사실 앞부분에서 생략한 과정이 있는데, receipe를 설정하여 influxDB를 datalake로 연결해놓지 않았다.

RECIPE_EXAMPLE/example_recipe_latest_stable.yaml

해당 파일을 확인하면 helm chart value값이 나온다.

traininghost:
  ip_address: <Fill IP of host>
tm:
  image:
    repository: nexus3.o-ran-sc.org:10002/o-ran-sc/aiml-fw-awmf-tm-docker
    pullPolicy: IfNotPresent
    # Overrides the image tag whose default is the chart appVersion.
    tag: "2.0.0"
  pipelines: {"timeseries": "qoe_pipeline_h_release"}

...

datalake:
  influxdb:
    host: <Fill IP of datalake>
    port: <Fill port of datalake>
    orgname: <Fill org name configured in datalake>
    bucket: <Fill bucket info of data in datalake>
    token:  <Fill token info to access data>
...

Fill부분을 채워넣어야 하는데, 먼저 채워넣을 수 있는 부분은 ip_address로 localhost나 aimlfw가 배포된 node의 IP를 넣어주면 된다.

traininghost:
  ip_address: localhost
tm:
  ...

이렇게 넣어주었다.

다음으로 influxDB에 관련된 설정값들은 influxDB를 배포한 다음 확인할 수 있다.

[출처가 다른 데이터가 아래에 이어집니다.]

lemma additive_of_rat_mult:
  fixes f :: "'a::field_char_0 \<Rightarrow> 'b::field_char_0"
  assumes "Modules.additive f"
  shows "f (of_rat r * x) = of_rat r * f x"
proof -
  obtain a b where ab: "b > 0" "r = of_int a / of_int b"
    by (cases r) (auto simp: Fract_of_int_quotient)
  have "of_int b * f (of_rat r * x) = f (of_int b * (of_rat r * x))"
    by (rule additive_of_int_mult[OF assms, symmetric])
  also have "of_int b * (of_rat r * x) = of_int a * x"
    using ab by (simp add: of_rat_divide)
  also have "f (of_int a * x) = of_int a * f x"
    by (rule additive_of_int_mult[OF assms])
  finally have "of_int b * f (of_rat r * x) = of_int a * f x" .
  then have "f (of_rat r * x) = of_int a * f x / of_int b"
    using ab(1) by (simp add: eq_divide_eq mult.commute)
  also have "\<dots> = of_rat r * f x"
    using ab by (simp add: of_rat_divide)
  finally show ?thesis .
qed

lemma additive_Rats_mult:
  fixes f :: "real \<Rightarrow> real"
  assumes "Modules.additive f" "q \<in> \<rat>"
  shows "f (q * x) = q * f x"
  using assms(2) by cases (simp add: additive_of_rat_mult[OF assms(1)])

lemma additive_Rats:
  fixes f :: "real \<Rightarrow> real"
  assumes "Modules.additive f" "q \<in> \<rat>"
  shows "f q = q * f 1"
  using additive_Rats_mult[OF assms, of 1] by simp

lemma rat_periodic_homogeneous_locally_bounded_eq_0:
  fixes F :: "real \<Rightarrow> real"
  assumes k: "k \<ge> 1"
    and periodic: "\<And>x q. q \<in> \<rat> \<Longrightarrow> F (x + q) = F x"
    and homogeneous: "\<And>x N. F (of_nat N * x) = of_nat N ^ k * F x"
    and "d > 0" and bounded: "\<And>t. \<bar>t\<bar> < d \<Longrightarrow> \<bar>F t\<bar> \<le> B"
  shows "F x = 0"
proof -
  have bounded_everywhere: "\<bar>F y\<bar> \<le> B" for y
  proof -
    obtain q where q: "q \<in> \<rat>" "y - d < q" "q < y"
      using Rats_dense_in_real[of "y - d" y] \<open>d > 0\<close> by auto
    have "F y = F ((y - q) + q)" by simp
    also have "\<dots> = F (y - q)" using periodic q by blast
    finally show ?thesis using bounded[of "y - q"] q by simp
  qed
  show ?thesis
  proof (rule ccontr)
    assume nz: "F x \<noteq> 0"
    obtain N :: nat where N: "B / \<bar>F x\<bar> < of_nat N" using reals_Archimedean2 by blast
    have "B \<ge> 0" using bounded_everywhere[of 0] by simp
    then have "0 < real N" using N by (smt (verit) divide_nonneg_nonneg abs_ge_zero)
    then have "N \<ge> 1" by simp
    have "B < of_nat N * \<bar>F x\<bar>" using N nz by (simp add: divide_less_eq)
    also have "\<dots> \<le> of_nat N ^ k * \<bar>F x\<bar>"
      using power_increasing[of 1 k "real N"] \<open>N \<ge> 1\<close> k by (intro mult_right_mono) auto
    also have "\<dots> = \<bar>F (of_nat N * x)\<bar>" using homogeneous by (simp add: abs_mult)
    finally show False using bounded_everywhere[of "of_nat N * x"] by simp
  qed
qed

helm repo add bitnami https://charts.bitnami.com/bitnami
helm install my-release bitnami/influxdb --version 5.13.5

잘 배포되었는 지 확인해보도록 하자.

 kubectl get po
NAME                                               READY   STATUS    RESTARTS   AGE
my-release-influxdb-5d5d95cf8b-vpgg7               1/1     Running   0          171m
nfs-subdir-external-provisioner-7484d5b48d-rg99c   1/1     Running   0          4h32m

my-release-influxdb-5d5d95cf8b-vpgg7 pod가 잘 배포되었다. 이제 이 pod에 있는 influx cli로 token값을 가져와보도록 하자.

kubectl exec -it my-release-influxdb-5d5d95cf8b-vpgg7 -- cat bitnami/influxdb/influxd.bolt | tr -cd "[:print:]"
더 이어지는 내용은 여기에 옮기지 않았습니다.